Compression
Written by Isaac Van Doren
Notes
- I don’t forsee this code needing to depend on any other chapters or libraries.
- I have an implementation that mostly works, but there are some bugs that need to be ironed out.
Outline
Intro
- Compression is extremely useful.
- It is used in many domains like web servers, file storage, etc.
- One ubiquitous compression tool is GZIP.
- One of the core components of GZIP is the LZ77 compression algorithm.
- LZ77 is simple yet powerful.
- We will implement LZ77 in this chapter.
LZ77
- LZ77 is a sliding window algorithm.
- There is a search buffer and a lookahead buffer. The search buffer contains the bytes that will be searched for matches and the lookahead buffer is the piece of data currently being compressed.
- When the beginning of the look ahead buffer matches a segment of bytes somewhere in the search buffer, the lookahead buffer will be “slid” to exclude the match.
- The match can then be represented as three values: the offset to locate the match in the search buffer, the length of the match, and the next character following the match.
- This triple will then be appended to the compressed output so far.
- When the beginning of the look ahead buffer does not match anything in the search buffer, the offset and length will both be 0 and only the next character will be used.
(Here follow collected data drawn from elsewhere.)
(* Let $P_n$ be a random school choice problem of size $n$ and let $NE_n$ be the set of students $j$ that no student envies under $\mathrm{DA}(P_n)$ (i.e. $j$ has in-degree $0$ in $G^{\mathrm{DA}(P_n)}$). Then $\mathbb E[|NE_n|]=H_n:=\sum_{k=1}^n \frac1k$.
   Context: A random school choice problem $P_n$ of size $n$ has a set $I$ of $n$ students and a set $S$ of $n$ schools, each school with quota 1; each student's strict preference over $S$ is uniform among all $n!$ linear orders, each school's strict priority over $I$ is uniform among all $n!$ linear orders, and all of these are mutually independent. $\mathrm{DA}(P_n)$ is the matching produced by student-proposing deferred acceptance (each unheld student applies to her most preferred school not yet rejecting her; each school tentatively holds its highest-priority applicant and rejects the others; stop when no new rejection occurs); here every student is matched. Student $i$ envies student $j$ if $i$ strictly prefers $\mathrm{DA}_j(P_n)$ to $\mathrm{DA}_i(P_n)$; the envy digraph $G^{\mathrm{DA}(P_n)}$ has vertex set $I$ and an edge $(i,j)$ iff $i$ envies $j$. *)

theory Defs
  imports "HOL-Probability.Probability" "HOL-Combinatorics.Multiset_Permutations"
begin
section \<open>Algebraic relations modulo a polynomial\<close>

lemma polys_of_bounded_degree_dependent:
  fixes q :: "'i \<Rightarrow> 'a::idom poly"
  assumes "finite I" "n < card I" "\<forall>i\<in>I. \<forall>k\<ge>n. coeff (q i) k = 0"
  shows "\<exists>c. (\<exists>i\<in>I. c i \<noteq> 0) \<and> (\<Sum>i\<in>I. smult (c i) (q i)) = 0"
  using assms
proof (induction n arbitrary: I q)
  case 0
  then obtain i where i: "i \<in> I" by fastforce
  have "q i = 0" using 0 i by (auto intro: poly_eqI)
  then show ?case using i 0(1)
    by (intro exI[of _ "\<lambda>k. if k = i then 1 else 0"]) (auto intro!: sum.neutral)
next
  case (Suc n)
  show ?case
  proof (cases "\<forall>i\<in>I. coeff (q i) n = 0")
    case True
    then have "\<forall>i\<in>I. \<forall>k\<ge>n. coeff (q i) k = 0"
      using Suc.prems(3) by (metis le_eq_less_or_eq Suc_leI)
    then show ?thesis using Suc.IH[of I q] Suc.prems by auto
  next
    case False
    then obtain j where j: "j \<in> I" "coeff (q j) n \<noteq> 0" by auto
    define l where "l = coeff (q j) n"
    \<comment> \<open>eliminate the coefficient of t^n using q j\<close>
    define q' where "q' i = smult l (q i) - smult (coeff (q i) n) (q j)" for i
    have "\<forall>i\<in>I - {j}. \<forall>k\<ge>n. coeff (q' i) k = 0"
    proof (intro ballI allI impI)
      fix i k assume "i \<in> I - {j}" "n \<le> k"
      then show "coeff (q' i) k = 0"
        using Suc.prems(3) j(1) by (cases "k = n") (auto simp: q'_def l_def)
    qed
    moreover have "n < card (I - {j})" "finite (I - {j})"
      using Suc.prems j by (simp_all add: card_Diff_singleton)
    ultimately obtain c' where c': "\<exists>i\<in>I - {j}. c' i \<noteq> 0" "(\<Sum>i\<in>I - {j}. smult (c' i) (q' i)) = 0"
      using Suc.IH[of "I - {j}" q'] by blast
    define c where "c i = (if i = j then - (\<Sum>k\<in>I - {j}. c' k * coeff (q k) n) else c' i * l)" for i
    have "(\<Sum>i\<in>I. smult (c i) (q i)) = smult (c j) (q j) + (\<Sum>i\<in>I - {j}. smult (c i) (q i))"
      using Suc.prems(1) j by (simp add: sum.remove)
    also have "(\<Sum>i\<in>I - {j}. smult (c i) (q i)) = (\<Sum>i\<in>I - {j}. smult (c' i * l) (q i))"
      by (rule sum.cong) (auto simp: c_def)
    also have "smult (c j) (q j) = - (\<Sum>k\<in>I - {j}. smult (c' k * coeff (q k) n) (q j))"
      by (simp add: c_def smult_sum)
    also have "- (\<Sum>k\<in>I - {j}. smult (c' k * coeff (q k) n) (q j)) + (\<Sum>i\<in>I - {j}. smult (c' i * l) (q i))
        = (\<Sum>i\<in>I - {j}. smult (c' i) (q' i))"
      by (simp add: q'_def sum_subtractf[symmetric] algebra_simps smult_diff_right sum_negf[symmetric]
          flip: sum.distrib)
    finally have "(\<Sum>i\<in>I. smult (c i) (q i)) = 0" using c'(2) by simp
    moreover obtain i where "i \<in> I - {j}" "c' i \<noteq> 0" using c'(1) by blast
    then have "c i \<noteq> 0" by (simp add: c_def l_def j)
    ultimately show ?thesis using \<open>i \<in> I - {j}\<close> by blast
  qed
qed

lemma pcompose_x_power: "pcompose ([:0, 1:] ^ j) g = g ^ j"
  by (induction j) (simp_all add: pcompose_mult pcompose_1 pcompose_pCons)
- We will use a direct encoding of the triples into bytes. Note that this is not super space efficient, and is where Huffman Coding comes in.
Sliding
- The sliding window aspect of this algorithm means that it is possible to do streaming of both encoding and decoding. We will not do this in our implementation however.
Roc Details
- First we will implement encoding to a list of triples followed by decoding into the original input.
- We can test the algorithm by encoding and decoding the same input and then validating that the result equals the original input.
- We can then implement encoding the list of triples to a list of bytes and the decoding of bytes into triples. (Or maybe this should all be done in one pass in the end for performance?)